* _TASK REQUIREMENTS_
Could you print every line from the first one of the records below through the line containing "(xs i)) (xs", with both included and nothing else?

* _RECORD EXCERPTS_
lemma pseudo_chain_perturb:
  assumes "compact X" "\<forall>x\<in>X. x islimpt X" "continuous_on X f" "\<delta>' > 0"
  obtains \<delta> where "\<delta> > 0"
    "\<And>r k xs. r > 0 \<Longrightarrow> pseudo_chain X f \<delta> k xs \<Longrightarrow>
       \<exists>ys. (\<forall>i\<le>k. ys i \<in> X \<and> dist (xs i) (ys i) < r) \<and>
            inj_on ys {..<k} \<and> inj_on (\<lambda>i. ys (Suc i)) {..<k} \<and>
            (\<forall>i<k. dist (f (ys i)) (ys (Suc i)) < \<delta>') \<and> (xs 0 = xs k \<longrightarrow> ys 0 = ys k)"
proof -
  have "uniformly_continuous_on X f"
    using assms(3,1) by (rule compact_uniformly_continuous)
  moreover have "\<delta>'/3 > 0"
    using assms(4) by simp
  ultimately obtain \<eta> where \<eta>: "\<eta> > 0" "\<forall>x\<in>X. \<forall>y\<in>X. dist y x < \<eta> \<longrightarrow> dist (f y) (f x) < \<delta>'/3"
    unfolding uniformly_continuous_on_def by blast
  show thesis
  proof (rule that[of "\<delta>'/3"])
    show "\<delta>'/3 > 0"
      using assms(4) by simp
    fix r :: real and k xs assume "r > 0" and chain: "pseudo_chain X f (\<delta>'/3) k xs"
    then have perturbable: "\<forall>i\<le>k. xs i \<in> X \<and> xs i islimpt X" "min r (min \<eta> (\<delta>'/3)) > 0"
      using assms(2,4) \<eta>(1) by (auto simp: pseudo_chain_def)
    obtain ys where ys: "\<forall>i\<le>k. ys i \<in> X \<and> dist (xs i) (ys i) < min r (min \<eta> (\<delta>'/3))"
      "inj_on ys {..<k}" "inj_on (\<lambda>i. ys (Suc i)) {..<k}" "xs 0 = xs k \<Longrightarrow> ys 0 = ys k"
      using islimpt_perturb_chain[OF perturbable] by blast
    have "dist (f (ys i)) (ys (Suc i)) < \<delta>'" if "i < k" for i
    proof -
      have "ys i \<in> X" "xs i \<in> X" "dist (ys i) (xs i) < \<eta>"
        using ys(1) chain that by (auto simp: pseudo_chain_def dist_commute)
      then have "dist (f (ys i)) (f (xs i)) < \<delta>'/3"
        using \<eta>(2) by blast
      moreover have "dist (f (xs i)) (xs (Suc i)) \<le> \<delta>'/3"
        using chain that by (simp add: pseudo_chain_def)
      moreover have "dist (xs (Suc i)) (ys (Suc i)) < \<delta>'/3"
        using ys(1) that by (simp add: Suc_le_eq)
      ultimately show ?thesis
        using dist_triangle[of "f (ys i)" "ys (Suc i)" "xs (Suc i)"]
          dist_triangle[of "f (ys i)" "xs (Suc i)" "f (xs i)"] by linarith
    qed
    then show "\<exists>ys. (\<forall>i\<le>k. ys i \<in> X \<and> dist (xs i) (ys i) < r) \<and>
        inj_on ys {..<k} \<and> inj_on (\<lambda>i. ys (Suc i)) {..<k} \<and>
        (\<forall>i<k. dist (f (ys i)) (ys (Suc i)) < \<delta>') \<and> (xs 0 = xs k \<longrightarrow> ys 0 = ys k)"
      using ys by (intro exI[of _ ys]) auto
  qed
qed

lemma property_star_orbit_realization:
  assumes "property_star X" "inj_on f X" "f ` X \<subseteq> X" "e > 0"
  obtains \<delta> where "\<delta> > 0"
    "\<And>k ys. k \<ge> 1 \<Longrightarrow> \<forall>i\<le>k. ys i \<in> X \<Longrightarrow> inj_on ys {..<k} \<Longrightarrow> inj_on (\<lambda>i. ys (Suc i)) {..<k} \<Longrightarrow>
       \<forall>i<k. dist (f (ys i)) (ys (Suc i)) < \<delta> \<Longrightarrow>
       \<exists>\<phi> \<psi>. homeomorphism X X \<phi> \<psi> \<and> Dhom X \<phi> id < e \<and> (\<forall>i\<le>k. ((\<phi> \<circ> f) ^^ i) (ys 0) = ys i)"
proof -
  obtain \<delta> where "\<delta> > 0" and star: "\<forall>n\<ge>1. \<forall>xs ys :: nat \<Rightarrow> _.
        ((\<forall>i<n. xs i \<in> X \<and> ys i \<in> X) \<and> inj_on xs {..<n} \<and> inj_on ys {..<n} \<and>
         (\<forall>i<n. dist (xs i) (ys i) < \<delta>)) \<longrightarrow>
        (\<exists>\<phi>\<in>homeos X. Dhom X \<phi> id < e \<and> (\<forall>i<n. \<phi> (xs i) = ys i))"
    using assms(1,4) unfolding property_star_def by blast
  show thesis
  proof (rule that[OF \<open>\<delta> > 0\<close>])
    fix k ys assume k: "k \<ge> 1" and X: "\<forall>i\<le>k. ys i \<in> X"
      and inj: "inj_on ys {..<k}" "inj_on (\<lambda>i. ys (Suc i)) {..<k}"
      and close: "\<forall>i<k. dist (f (ys i)) (ys (Suc i)) < \<delta>"
    have "inj_on f (ys ` {..<k})"
      using X by (intro inj_on_subset[OF assms(2)]) auto
    then have "inj_on (\<lambda>i. f (ys i)) {..<k}"
      using comp_inj_on[OF inj(1)] by (simp add: o_def)
    moreover have "\<forall>i<k. f (ys i) \<in> X \<and> ys (Suc i) \<in> X"
      using X assms(3) by (auto simp: Suc_le_eq)
    ultimately obtain \<phi> where "\<phi> \<in> homeos X" "Dhom X \<phi> id < e" and \<phi>: "\<forall>i<k. \<phi> (f (ys i)) = ys (Suc i)"
      using star[rule_format, OF k, of "\<lambda>i. f (ys i)" "\<lambda>i. ys (Suc i)"] inj(2) close by blast
    moreover have "((\<phi> \<circ> f) ^^ i) (ys 0) = ys i" if "i \<le> k" for i
      using that \<phi> by (induction i) auto
    ultimately show "\<exists>\<phi> \<psi>. homeomorphism X X \<phi> \<psi> \<and> Dhom X \<phi> id < e \<and> (\<forall>i\<le>k. ((\<phi> \<circ> f) ^^ i) (ys 0) = ys i)"
      unfolding homeos_def by blast
  qed
qed
(* Let $W$ be a standard Brownian motion and let $f$ be a non-decreasing càdlàg function on $[-1,\infty)$. For $t>0$ set $A_t:=\{\inf_{0\le s\le t}(W_s-f_s)=0\}$. Then $\mathbb{P}(A_t)=0$ for all $t>0$. *)

theory Defs
  imports "HOL-Probability.Probability"
begin

definition std_BM :: "'a measure \<Rightarrow> (real \<Rightarrow> 'a \<Rightarrow> real) \<Rightarrow> bool" where
  "std_BM M W \<longleftrightarrow>
     prob_space M \<and>
     (\<forall>t\<ge>0. W t \<in> borel_measurable M) \<and>
     (\<forall>\<omega>\<in>space M. W 0 \<omega> = 0) \<and>
     (\<forall>\<omega>\<in>space M. continuous_on {0..} (\<lambda>t. W t \<omega>)) \<and>
     (\<forall>s t. 0 \<le> s \<longrightarrow> s < t \<longrightarrow>
        distributed M lborel (\<lambda>\<omega>. W t \<omega> - W s \<omega>) (\<lambda>x. ennreal (normal_density 0 (sqrt (t - s)) x))) \<and>
     (\<forall>ts. sorted_wrt (<) ts \<longrightarrow> (\<forall>t\<in>set ts. 0 \<le> t) \<longrightarrow>
        prob_space.indep_vars M (\<lambda>_. borel) (\<lambda>i \<omega>. W (ts ! Suc i) \<omega> - W (ts ! i) \<omega>) {..<length ts - 1})"

text \<open>Cadlag on S: right-continuous at every point of S, with left limits at every
  point of S (vacuous where S has no points to the left).\<close>
definition cadlag_on :: "real set \<Rightarrow> (real \<Rightarrow> real) \<Rightarrow> bool" where
  "cadlag_on S f \<longleftrightarrow>
     (\<forall>x\<in>S. (f \<longlongrightarrow> f x) (at x within (S \<inter> {x<..}))) \<and>
     (\<forall>x\<in>S. \<exists>l. (f \<longlongrightarrow> l) (at x within (S \<inter> {..<x})))"

end

theory Submission
  imports Defs
begin
text \<open>Right-continuity of paths: \<open>X\<close> is the pointwise limit of the jointly measurable processes
  obtained by evaluating it at the dyadic points just to the right of the time argument.\<close>
lemma measurable_X_max_0:
  "(\<lambda>p. X (max 0 (snd p)) (fst p)) \<in> borel_measurable (M x \<Otimes>\<^sub>M (lborel :: real measure))"
proof -
  define d where "d k s = (real (nat \<lfloor>2^k * max 0 s\<rfloor>) + 1) / 2^k" for k :: nat and s :: real
  have dyadic_measurable:
    "(\<lambda>p. X (d k (snd p)) (fst p)) \<in> borel_measurable (M x \<Otimes>\<^sub>M (lborel :: real measure))" for k
  proof -
    have "(\<lambda>p. (\<lambda>i. X ((real i + 1) / 2^k) (fst p)) (nat \<lfloor>2^k * max 0 (snd p)\<rfloor>))
        \<in> borel_measurable (M x \<Otimes>\<^sub>M (lborel :: real measure))"
    proof (rule measurable_compose_countable[where f="\<lambda>i p. X ((real i + 1) / 2^k) (fst p)"])
      fix i :: nat
      show "(\<lambda>p. X ((real i + 1) / 2^k) (fst p)) \<in> borel_measurable (M x \<Otimes>\<^sub>M (lborel :: real measure))"
        by (rule measurable_compose[OF measurable_fst X_measurable]) simp
    next
      show "(\<lambda>p. nat \<lfloor>2^k * max 0 (snd p)\<rfloor>) \<in> M x \<Otimes>\<^sub>M (lborel :: real measure) \<rightarrow>\<^sub>M count_space UNIV"
        by (rule measurable_compose[of _ _ "count_space UNIV" nat]
            measurable_compose[OF _ measurable_real_floor])+
          (auto intro: measurable_count_space)
    qed
    then show ?thesis by (simp add: d_def)
  qed
  show ?thesis
  proof (rule borel_measurable_LIMSEQ_metric[OF dyadic_measurable])
    fix p assume p: "p \<in> space (M x \<Otimes>\<^sub>M (lborel :: real measure))"
    then have \<omega>: "fst p \<in> space (M x)" by (auto simp: space_pair_measure)
    define s where "s = max 0 (snd p)"
    have "0 \<le> s" by (simp add: s_def)
    have d_bounds: "s < d k s" "d k s \<le> s + 1 / 2^k" for k
    proof -
      have floor: "real_of_int \<lfloor>2^k * s\<rfloor> \<le> 2^k * s" "2^k * s < real_of_int \<lfloor>2^k * s\<rfloor> + 1"
        by linarith+
      have "real (nat \<lfloor>2^k * s\<rfloor>) = real_of_int \<lfloor>2^k * s\<rfloor>" using \<open>0 \<le> s\<close> by simp
      moreover have d: "d k s = (real (nat \<lfloor>2^k * s\<rfloor>) + 1) / 2^k" using \<open>0 \<le> s\<close> by (simp add: d_def)
      ultimately have "2^k * s < real (nat \<lfloor>2^k * s\<rfloor>) + 1" "real (nat \<lfloor>2^k * s\<rfloor>) + 1 \<le> 2^k * s + 1"
        using floor by simp_all
      then show "s < d k s" "d k s \<le> s + 1 / 2^k" unfolding d by (simp_all add: field_simps)
    qed
    have "(\<lambda>k. d k s) \<longlonglongrightarrow> s"
    proof (rule tendsto_sandwich[of "\<lambda>k. s" _ _ "\<lambda>k. s + 1 / 2^k"])
      show "\<forall>\<^sub>F k in sequentially. s \<le> d k s" "\<forall>\<^sub>F k in sequentially. d k s \<le> s + 1 / 2 ^ k"
        using d_bounds by (auto intro!: always_eventually less_imp_le)
      have "(\<lambda>k. s + (1/2) ^ k) \<longlonglongrightarrow> s + 0"
        by (intro tendsto_add tendsto_const LIMSEQ_power_zero) auto
      then show "(\<lambda>k. s + 1 / 2 ^ k) \<longlonglongrightarrow> s" by (simp add: power_one_over)
    qed simp
    then have "filterlim (\<lambda>k. d k s) (at_right s) sequentially"
      unfolding filterlim_at
      by (auto intro!: always_eventually simp: d_bounds(1) less_imp_neq[OF d_bounds(1), symmetric])
    moreover have "((\<lambda>t. X t (fst p)) \<longlongrightarrow> X s (fst p)) (at_right s)"
      using continuous_at_right_path[OF \<omega> \<open>0 \<le> s\<close>] by (simp add: continuous_within)
    ultimately have "(\<lambda>k. X (d k s) (fst p)) \<longlonglongrightarrow> X s (fst p)"
      by (rule filterlim_compose[rotated])
    moreover have "d k (snd p) = d k s" for k by (simp add: d_def s_def)
    ultimately show "(\<lambda>k. X (d k (snd p)) (fst p)) \<longlonglongrightarrow> X (max 0 (snd p)) (fst p)"
      by (simp add: s_def)
  qed
qed
lemma canonical_sc_representation:
  assumes "set cs = assignments C"
  shows "sc_representation C \<Omega> D (length cs) (\<lambda>i. D (cs ! i)) (\<lambda>i. assignment_lits C (cs ! i))"
  unfolding sc_representation_def
proof (intro conjI allI impI ballI assignment_lits_consistent)
  fix c \<omega> assume c: "c \<in> assignments C"
  then obtain k where "k < length cs" "cs ! k = c"
    using assms by (metis in_set_conv_nth)
  then show "D c \<omega> \<longleftrightarrow> (\<exists>j<length cs. D (cs ! j) \<omega> \<and> conj_val (assignment_lits C (cs ! j)) c)"
    using c assms conj_val_assignment_lits_iff nth_mem by metis
qed

lemma outcome_eq_conj_if_canonical_conditions:
  assumes "B \<in> consistent_subsets C" "set cs = assignments C"
    and covers: "\<forall>Bstar\<in>consistent_subsets C. card Bstar = card C \<and> B \<subseteq> Bstar \<longrightarrow>
          (\<exists>i<length cs. assignment_lits C (cs ! i) \<subseteq> Bstar \<and> D (cs ! i) \<omega>)"
    and inactive: "\<forall>i<length cs. \<not> B \<subseteq> assignment_lits C (cs ! i) \<longrightarrow> \<not> D (cs ! i) \<omega>"
  shows "\<forall>c\<in>assignments C. D c \<omega> \<longleftrightarrow> conj_val B c"
proof (intro ballI)
  fix c assume c: "c \<in> assignments C"
  have B_sub_iff: "conj_val B c \<longleftrightarrow> B \<subseteq> assignment_lits C c"
    using conj_val_iff_subset_assignment_lits consistent_subset_lits[OF assms(1)] by blast
  show "D c \<omega> \<longleftrightarrow> conj_val B c"
  proof
    assume "D c \<omega>"
    moreover obtain k where "k < length cs" "cs ! k = c"
      using assms(2) c by (metis in_set_conv_nth)
    ultimately show "conj_val B c"
      using inactive B_sub_iff by blast
  next
    assume "conj_val B c"
    then obtain i where i: "i < length cs" "assignment_lits C (cs ! i) \<subseteq> assignment_lits C c"
        "D (cs ! i) \<omega>"
      using covers assignment_lits_consistent card_assignment_lits B_sub_iff by blast
    have "cs ! i \<in> assignments C"
      using assms(2) i(1) nth_mem by blast
    then have "cs ! i = c"
      using assignment_lits_subset_iff c i(2) by blast
    then show "D c \<omega>"
      using i(3) by simp
  qed
qed
lemma sum_card_agreeing_eq_sum_card_agreements:
  "(\<Sum>x\<in>carrier G. \<Sum>y\<in>carrier G. card (agreeing x y)) = (\<Sum>f\<in>extensions. card (agreements f))"
proof -
  let ?ind = "\<lambda>f x y. if f x * f y = f (x \<otimes> y) then 1 else 0 :: nat"
  have card_agreements: "card (agreements f) = (\<Sum>x\<in>carrier G. \<Sum>y\<in>carrier G. ?ind f x y)" for f
  proof -
    have "agreements f = {p \<in> carrier G \<times> carrier G. f (fst p) * f (snd p) = f (fst p \<otimes> snd p)}"
      by (auto simp: agreements_def)
    then show ?thesis
      using finite_carrier by (simp add: card_filter_eq_sum sum.cartesian_product case_prod_beta)
  qed
  have card_agreeing: "card (agreeing x y) = (\<Sum>f\<in>extensions. ?ind f x y)" for x y
    unfolding agreeing_def using finite_extensions by (rule card_filter_eq_sum)
  have "(\<Sum>x\<in>carrier G. \<Sum>y\<in>carrier G. card (agreeing x y))
      = (\<Sum>x\<in>carrier G. \<Sum>y\<in>carrier G. \<Sum>f\<in>extensions. ?ind f x y)"
    by (simp only: card_agreeing)
  also have "\<dots> = (\<Sum>x\<in>carrier G. \<Sum>f\<in>extensions. \<Sum>y\<in>carrier G. ?ind f x y)"
    by (intro sum.cong refl sum.swap)
  also have "\<dots> = (\<Sum>f\<in>extensions. \<Sum>x\<in>carrier G. \<Sum>y\<in>carrier G. ?ind f x y)"
    by (rule sum.swap)
  also have "\<dots> = (\<Sum>f\<in>extensions. card (agreements f))"
    by (simp only: card_agreements)
  finally show ?thesis .
qed

lemma exists_extension_with_many_agreements:
  "\<exists>f\<in>extensions. 2 * card (carrier G) ^ 2 + card H * card (carrier G) + 2 * card H ^ 2
    \<le> 4 * card (agreements f) + card H * card (normalizer G H)"
proof -
  let ?k = "card extensions" and ?n = "card (carrier G)" and ?m = "card H"
    and ?N = "card (normalizer G H)"
    and ?S = "\<Sum>x\<in>carrier G. \<Sum>y\<in>carrier G. card (agreeing x y)"
    and ?B = "\<Sum>x\<in>carrier G - H. card (coset_inter H x)"
  obtain f where f: "f \<in> extensions" and "(\<Sum>f\<in>extensions. card (agreements f)) \<le> ?k * card (agreements f)"
    using exists_ge_average [OF finite_extensions extensions_nonempty] by blast
  then have S: "?S \<le> ?k * card (agreements f)"
    by (simp add: sum_card_agreeing_eq_sum_card_agreements)
  have "2 * (?k * (?n * (?n + ?m))) \<le> 4 * ?S + 2 * (?k * ?B)"
    using sum_card_agreeing_lower_bound by simp
  moreover have "?k * (2 * ?B + 2 * ?m ^ 2) \<le> ?k * (?m * (?N + ?n))"
    using sum_card_coset_inter_le [OF H.subgroup_axioms finite_carrier] by (rule mult_le_mono2)
  ultimately have "?k * (2 * ?n ^ 2 + ?m * ?n + 2 * ?m ^ 2) \<le> ?k * (4 * card (agreements f) + ?m * ?N)"
    using S by (simp add: algebra_simps power2_eq_square)
  then have "2 * ?n ^ 2 + ?m * ?n + 2 * ?m ^ 2 \<le> 4 * card (agreements f) + ?m * ?N"
    using finite_extensions extensions_nonempty by (simp add: card_gt_0_iff)
  with f show ?thesis
    by blast
qed

end

theorem theorem3:
  fixes G (structure) and H :: "'a set" and \<phi> :: "'a \<Rightarrow> int"
  assumes "group G" and "finite (carrier G)" and "subgroup H G"
    and "\<forall>h\<in>H. \<phi> h \<in> {1, -1}"
    and "\<forall>h1\<in>H. \<forall>h2\<in>H. \<phi> (h1 \<otimes> h2) = \<phi> h1 * \<phi> h2"
    and "\<exists>h\<in>H. \<phi> h \<noteq> 1"
  shows "\<exists>f :: 'a \<Rightarrow> int. (\<forall>x\<in>carrier G. f x \<in> {1, -1})
      \<and> (\<Sum>x\<in>carrier G. f x) = 0
      \<and> real (card {(x, y). x \<in> carrier G \<and> y \<in> carrier G \<and> f x * f y = f (x \<otimes> y)})
          / real (card (carrier G)) ^ 2
        \<ge> (1 / 2) * (1 + (1 / 2) * (real (card H) / real (card (carrier G)))
              * (1 - real (card (normalizer G H)) / real (card (carrier G)))
            + real (card H) ^ 2 / real (card (carrier G)) ^ 2)"
proof -
  interpret sign_character G H \<phi>
    using assms by (intro sign_character.intro sign_character_axioms.intro) simp_all
  obtain f where f: "f \<in> extensions" and count:
      "2 * card (carrier G) ^ 2 + card H * card (carrier G) + 2 * card H ^ 2
        \<le> 4 * card (agreements f) + card H * card (normalizer G H)"
    using exists_extension_with_many_agreements by blast
  obtain h0 where h0: "h0 \<in> H" "\<phi> h0 \<noteq> 1"
    using assms(6) by blast
  have "0 < card (carrier G)"
    using finite_carrier by (auto simp: card_gt_0_iff)
  from agreement_density_ge [OF this count] show ?thesis
    using extension_sign [OF f] sum_extension_eq_0 [OF f h0] unfolding agreements_def by blast
qed

end
lemma hausdorff_measure_eq_0I:
  assumes "\<And>\<delta> \<epsilon>. \<delta> > 0 \<Longrightarrow> \<epsilon> > 0 \<Longrightarrow> hausdorff_pre s \<delta> E \<le> ennreal \<epsilon>"
  shows "hausdorff_measure s E = 0"
proof -
  have "hausdorff_pre s \<delta> E = 0" if "\<delta> > 0" for \<delta>
  proof (rule antisym[OF ennreal_le_epsilon zero_le])
    fix \<epsilon> :: real assume "0 < \<epsilon>"
    thus "hausdorff_pre s \<delta> E \<le> 0 + ennreal \<epsilon>" using assms[OF that] by simp
  qed
  hence "(SUP \<delta>\<in>{0<..}. hausdorff_pre s \<delta> E) = (SUP \<delta>\<in>{(0::real)<..}. (0::ennreal))"
    by (intro SUP_cong) auto
  thus ?thesis unfolding hausdorff_measure_def by simp
qed

lemma hausdorff_dim_le_if_rat_null:
  assumes "0 \<le> c" "\<And>s. s \<in> \<rat> \<Longrightarrow> c < s \<Longrightarrow> hausdorff_measure s E = 0"
  shows "hausdorff_dim E \<le> ereal c"
proof (cases "E = {}")
  case False
  have "Inf {ereal s | s. 0 < s \<and> hausdorff_measure s E = 0} \<le> ereal c"
    unfolding Inf_le_iff
  proof (intro allI impI)
    fix y assume "ereal c < y"
    then obtain t where t: "c < t" "ereal t < y" using ereal_dense2 by (metis less_ereal.simps(1))
    then obtain s where s: "s \<in> \<rat>" "c < s" "s < t" using Rats_dense_in_real by blast
    hence "ereal s \<in> {ereal s | s. 0 < s \<and> hausdorff_measure s E = 0}"
      using assms by force
    moreover have "ereal s < y" using s(3) t(2) by (metis less_ereal.simps(1) order_less_trans)
    ultimately show "\<exists>a\<in>{ereal s | s. 0 < s \<and> hausdorff_measure s E = 0}. a < y" by blast
  qed
  thus ?thesis unfolding hausdorff_dim_def using False by simp
qed (simp add: hausdorff_dim_def)

lemma vb_nonneg:
  assumes "b \<ge> 2"
  shows "0 \<le> vb b \<xi>"
proof (cases "\<xi> \<in> \<rat>")
  case False
  have "{j :: nat. dist_int (real b ^ j * \<xi>) < real b powr (- 0 * real j)} = UNIV"
    using assms dist_int_le_half by (auto intro: le_less_trans[of _ "1/2"])
  hence "ereal 0 \<le> Sup {ereal v | v. infinite {j :: nat. dist_int (real b ^ j * \<xi>) < real b powr (- v * real j)}}"
    by (intro Sup_upper) auto
  thus ?thesis using False unfolding vb_def by (simp add: zero_ereal_def)
qed (simp add: vb_def)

* _RESPONSE AREA_
lemma pseudo_chain_perturb:
  assumes "compact X" "\<forall>x\<in>X. x islimpt X" "continuous_on X f" "\<delta>' > 0"
  obtains \<delta> where "\<delta> > 0"
    "\<And>r k xs. r > 0 \<Longrightarrow> pseudo_chain X f \<delta> k xs \<Longrightarrow>
       \<exists>ys. (\<forall>i\<le>k. ys i \<in> X \<and> dist (xs i) (ys i) < r) \<and>
            inj_on ys {..<k} \<and> inj_on (\<lambda>i. ys (Suc i)) {..<k} \<and>
            (\<forall>i<k. dist (f (ys i)) (ys (Suc i)) < \<delta>') \<and> (xs 0 = xs k \<longrightarrow> ys 0 = ys k)"
proof -
  have "uniformly_continuous_on X f"
    using assms(3,1) by (rule compact_uniformly_continuous)
  moreover have "\<delta>'/3 > 0"
    using assms(4) by simp
  ultimately obtain \<eta> where \<eta>: "\<eta> > 0" "\<forall>x\<in>X. \<forall>y\<in>X. dist y x < \<eta> \<longrightarrow> dist (f y) (f x) < \<delta>'/3"
    unfolding uniformly_continuous_on_def by blast
  show thesis
  proof (rule that[of "\<delta>'/3"])
    show "\<delta>'/3 > 0"
      using assms(4) by simp
    fix r :: real and k xs assume "r > 0" and chain: "pseudo_chain X f (\<delta>'/3) k xs"
    then have perturbable: "\<forall>i\<le>k. xs i \<in> X \<and> xs i islimpt X" "min r (min \<eta> (\<delta>'/3)) > 0"
      using assms(2,4) \<eta>(1) by (auto simp: pseudo_chain_def)
    obtain ys where ys: "\<forall>i\<le>k. ys i \<in> X \<and> dist (xs i) (ys i) < min r (min \<eta> (\<delta>'/3))"
      "inj_on ys {..<k}" "inj_on (\<lambda>i. ys (Suc i)) {..<k}" "xs 0 = xs k \<Longrightarrow> ys 0 = ys k"
      using islimpt_perturb_chain[OF perturbable] by blast
    have "dist (f (ys i)) (ys (Suc i)) < \<delta>'" if "i < k" for i
    proof -
      have "ys i \<in> X" "xs i \<in> X" "dist (ys i) (xs i) < \<eta>"
        using ys(1) chain that by (auto simp: pseudo_chain_def dist_commute)
      then have "dist (f (ys i)) (f (xs i)) < \<delta>'/3"
        using \<eta>(2) by blast
      moreover have "dist (f (xs i)) (xs (Suc i)) \<le> \<delta>'/3"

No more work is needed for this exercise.